WORKING DATA:
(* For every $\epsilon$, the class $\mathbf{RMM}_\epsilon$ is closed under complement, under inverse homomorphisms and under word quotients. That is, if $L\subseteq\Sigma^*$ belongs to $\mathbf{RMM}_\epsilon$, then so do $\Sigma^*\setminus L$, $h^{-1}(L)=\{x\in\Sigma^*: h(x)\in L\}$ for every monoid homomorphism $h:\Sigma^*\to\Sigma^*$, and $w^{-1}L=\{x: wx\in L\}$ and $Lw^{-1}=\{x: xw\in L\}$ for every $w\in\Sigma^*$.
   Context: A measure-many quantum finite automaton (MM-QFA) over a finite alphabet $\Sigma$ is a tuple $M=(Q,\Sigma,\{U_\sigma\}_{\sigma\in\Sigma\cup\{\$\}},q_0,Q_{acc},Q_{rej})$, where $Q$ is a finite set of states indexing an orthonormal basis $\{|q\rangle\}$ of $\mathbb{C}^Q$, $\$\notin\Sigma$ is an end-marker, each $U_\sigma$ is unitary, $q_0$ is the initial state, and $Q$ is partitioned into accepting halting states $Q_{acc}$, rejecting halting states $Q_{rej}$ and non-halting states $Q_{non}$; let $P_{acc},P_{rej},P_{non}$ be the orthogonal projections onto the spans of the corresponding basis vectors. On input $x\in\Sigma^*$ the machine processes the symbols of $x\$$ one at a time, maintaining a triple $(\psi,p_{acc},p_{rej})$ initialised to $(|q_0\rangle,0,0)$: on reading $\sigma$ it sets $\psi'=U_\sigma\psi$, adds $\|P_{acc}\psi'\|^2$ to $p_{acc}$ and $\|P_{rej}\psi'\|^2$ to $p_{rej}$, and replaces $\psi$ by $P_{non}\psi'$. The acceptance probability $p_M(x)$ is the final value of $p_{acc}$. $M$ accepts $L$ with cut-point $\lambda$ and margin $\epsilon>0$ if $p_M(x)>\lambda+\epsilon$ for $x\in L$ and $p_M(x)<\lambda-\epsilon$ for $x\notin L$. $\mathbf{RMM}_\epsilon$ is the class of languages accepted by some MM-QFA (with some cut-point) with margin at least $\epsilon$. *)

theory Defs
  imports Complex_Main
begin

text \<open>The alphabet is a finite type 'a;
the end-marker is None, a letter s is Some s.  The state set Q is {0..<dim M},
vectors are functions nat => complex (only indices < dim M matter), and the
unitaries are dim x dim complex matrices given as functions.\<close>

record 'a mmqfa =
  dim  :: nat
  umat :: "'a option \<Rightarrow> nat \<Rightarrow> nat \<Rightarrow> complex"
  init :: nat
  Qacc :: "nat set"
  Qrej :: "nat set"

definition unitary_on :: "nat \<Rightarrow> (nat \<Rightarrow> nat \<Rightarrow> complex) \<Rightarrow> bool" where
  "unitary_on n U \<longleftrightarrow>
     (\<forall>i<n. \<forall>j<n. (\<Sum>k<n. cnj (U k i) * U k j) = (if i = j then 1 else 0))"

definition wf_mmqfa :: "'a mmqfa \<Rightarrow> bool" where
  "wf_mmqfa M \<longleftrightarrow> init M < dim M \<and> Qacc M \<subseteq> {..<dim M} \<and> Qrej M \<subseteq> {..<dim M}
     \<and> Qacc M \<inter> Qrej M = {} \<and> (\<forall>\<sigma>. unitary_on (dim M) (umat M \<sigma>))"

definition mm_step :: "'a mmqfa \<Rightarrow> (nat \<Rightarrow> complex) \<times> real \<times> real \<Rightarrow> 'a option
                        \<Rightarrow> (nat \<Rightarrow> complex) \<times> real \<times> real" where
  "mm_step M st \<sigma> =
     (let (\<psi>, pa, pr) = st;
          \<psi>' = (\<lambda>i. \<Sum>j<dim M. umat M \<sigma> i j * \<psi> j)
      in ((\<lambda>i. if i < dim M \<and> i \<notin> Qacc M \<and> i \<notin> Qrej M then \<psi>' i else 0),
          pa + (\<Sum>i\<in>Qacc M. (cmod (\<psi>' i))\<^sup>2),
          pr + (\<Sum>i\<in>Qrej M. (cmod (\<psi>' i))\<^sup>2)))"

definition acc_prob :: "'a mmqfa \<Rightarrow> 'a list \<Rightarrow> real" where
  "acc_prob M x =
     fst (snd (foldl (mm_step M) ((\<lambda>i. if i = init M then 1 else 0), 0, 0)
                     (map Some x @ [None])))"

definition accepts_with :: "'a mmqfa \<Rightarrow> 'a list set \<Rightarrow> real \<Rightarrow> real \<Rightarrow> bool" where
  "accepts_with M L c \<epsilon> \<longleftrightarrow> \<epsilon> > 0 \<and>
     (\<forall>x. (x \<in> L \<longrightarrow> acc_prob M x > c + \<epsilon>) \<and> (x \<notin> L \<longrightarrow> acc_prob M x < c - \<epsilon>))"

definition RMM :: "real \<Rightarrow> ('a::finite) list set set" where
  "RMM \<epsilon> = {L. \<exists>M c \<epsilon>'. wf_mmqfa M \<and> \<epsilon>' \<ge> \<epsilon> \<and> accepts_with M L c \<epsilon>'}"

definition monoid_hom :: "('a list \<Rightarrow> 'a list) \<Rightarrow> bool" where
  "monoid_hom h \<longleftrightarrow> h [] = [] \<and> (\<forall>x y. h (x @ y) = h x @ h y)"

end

EXERCISE REQUIREMENTS:
Exactly as they appear, restate all of the entries.

SOLUTION TO THIS PROBLEM:
(* For every $\epsilon$, the class $\mathbf{RMM}_\epsilon$ is closed under complement, under inverse homomorphisms and under word quotients. That is, if $L\subseteq\Sigma^*$ belongs to $\mathbf{RMM}_\epsilon$, then so do $\Sigma^*\setminus L$, $h^{-1}(L)=\{x\in\Sigma^*: h(x)\in L\}$ for every monoid homomorphism $h:\Sigma^*\to\Sigma^*$, and $w^{-1}L=\{x: wx\in L\}$ and $Lw^{-1}=\{x: xw\in L\}$ for every $w\in\Sigma^*$.
   Context: A measure-many quantum finite automaton (MM-QFA) over a finite alphabet $\Sigma$ is a tuple $M=(Q,\Sigma,\{U_\sigma\}_{\sigma\in\Sigma\cup\{\$\}},q_0,Q_{acc},Q_{rej})$, where $Q$ is a finite set of states indexing an orthonormal basis $\{|q\rangle\}$ of $\mathbb{C}^Q$, $\$\notin\Sigma$ is an end-marker, each $U_\sigma$ is unitary, $q_0$ is the initial state, and $Q$ is partitioned into accepting halting states $Q_{acc}$, rejecting halting states $Q_{rej}$ and non-halting states $Q_{non}$; let $P_{acc},P_{rej},P_{non}$ be the orthogonal projections onto the spans of the corresponding basis vectors. On input $x\in\Sigma^*$ the machine processes the symbols of $x\$$ one at a time, maintaining a triple $(\psi,p_{acc},p_{rej})$ initialised to $(|q_0\rangle,0,0)$: on reading $\sigma$ it sets $\psi'=U_\sigma\psi$, adds $\|P_{acc}\psi'\|^2$ to $p_{acc}$ and $\|P_{rej}\psi'\|^2$ to $p_{rej}$, and replaces $\psi$ by $P_{non}\psi'$. The acceptance probability $p_M(x)$ is the final value of $p_{acc}$. $M$ accepts $L$ with cut-point $\lambda$ and margin $\epsilon>0$ if $p_M(x)>\lambda+\epsilon$ for $x\in L$ and $p_M(x)<\lambda-\epsilon$ for $x\notin L$. $\mathbf{RMM}_\epsilon$ is the class of languages accepted by some MM-QFA (with some cut-point) with margin at least $\epsilon$. *)

theory Defs
  imports Complex_Main
begin

text \<open>The alphabet is a finite type 'a;
the end-marker is None, a letter s is Some s.  The state set Q is {0..<dim M},
vectors are functions nat => complex (only indices < dim M matter), and the
unitaries are dim x dim complex matrices given as functions.\<close>

record 'a mmqfa =
  dim  :: nat
  umat :: "'a option \<Rightarrow> nat \<Rightarrow> nat \<Rightarrow> complex"
  init :: nat
  Qacc :: "nat set"
  Qrej :: "nat set"

definition unitary_on :: "nat \<Rightarrow> (nat \<Rightarrow> nat \<Rightarrow> complex) \<Rightarrow> bool" where
  "unitary_on n U \<longleftrightarrow>
     (\<forall>i<n. \<forall>j<n. (\<Sum>k<n. cnj (U k i) * U k j) = (if i = j then 1 else 0))"

definition wf_mmqfa :: "'a mmqfa \<Rightarrow> bool" where
  "wf_mmqfa M \<longleftrightarrow> init M < dim M \<and> Qacc M \<subseteq> {..<dim M} \<and> Qrej M \<subseteq> {..<dim M}
     \<and> Qacc M \<inter> Qrej M = {} \<and> (\<forall>\<sigma>. unitary_on (dim M) (umat M \<sigma>))"

definition mm_step :: "'a mmqfa \<Rightarrow> (nat \<Rightarrow> complex) \<times> real \<times> real \<Rightarrow> 'a option
                        \<Rightarrow> (nat \<Rightarrow> complex) \<times> real \<times> real" where
  "mm_step M st \<sigma> =
     (let (\<psi>, pa, pr) = st;
          \<psi>' = (\<lambda>i. \<Sum>j<dim M. umat M \<sigma> i j * \<psi> j)
      in ((\<lambda>i. if i < dim M \<and> i \<notin> Qacc M \<and> i \<notin> Qrej M then \<psi>' i else 0),
          pa + (\<Sum>i\<in>Qacc M. (cmod (\<psi>' i))\<^sup>2),
          pr + (\<Sum>i\<in>Qrej M. (cmod (\<psi>' i))\<^sup>2)))"

definition acc_prob :: "'a mmqfa \<Rightarrow> 'a list \<Rightarrow> real" where
  "acc_prob M x =
     fst (snd (foldl (mm_step M) ((\<lambda>i. if i = init M then 1 else 0), 0, 0)
                     (map Some x @ [None])))"

definition accepts_with :: "'a mmqfa \<Rightarrow> 'a list set \<Rightarrow> real \<Rightarrow> real \<Rightarrow> bool" where
  "accepts_with M L c \<epsilon> \<longleftrightarrow> \<epsilon> > 0 \<and>
     (\<forall>x. (x \<in> L \<longrightarrow> acc_prob M x > c + \<epsilon>) \<and> (x \<notin> L \<longrightarrow> acc_prob M x < c - \<epsilon>))"

definition RMM :: "real \<Rightarrow> ('a::finite) list set set" where
  "RMM \<epsilon> = {L. \<exists>M c \<epsilon>'. wf_mmqfa M \<and> \<epsilon>' \<ge> \<epsilon> \<and> accepts_with M L c \<epsilon>'}"

definition monoid_hom :: "('a list \<Rightarrow> 'a list) \<Rightarrow> bool" where
  "monoid_hom h \<longleftrightarrow> h [] = [] \<and> (\<forall>x y. h (x @ y) = h x @ h y)"

end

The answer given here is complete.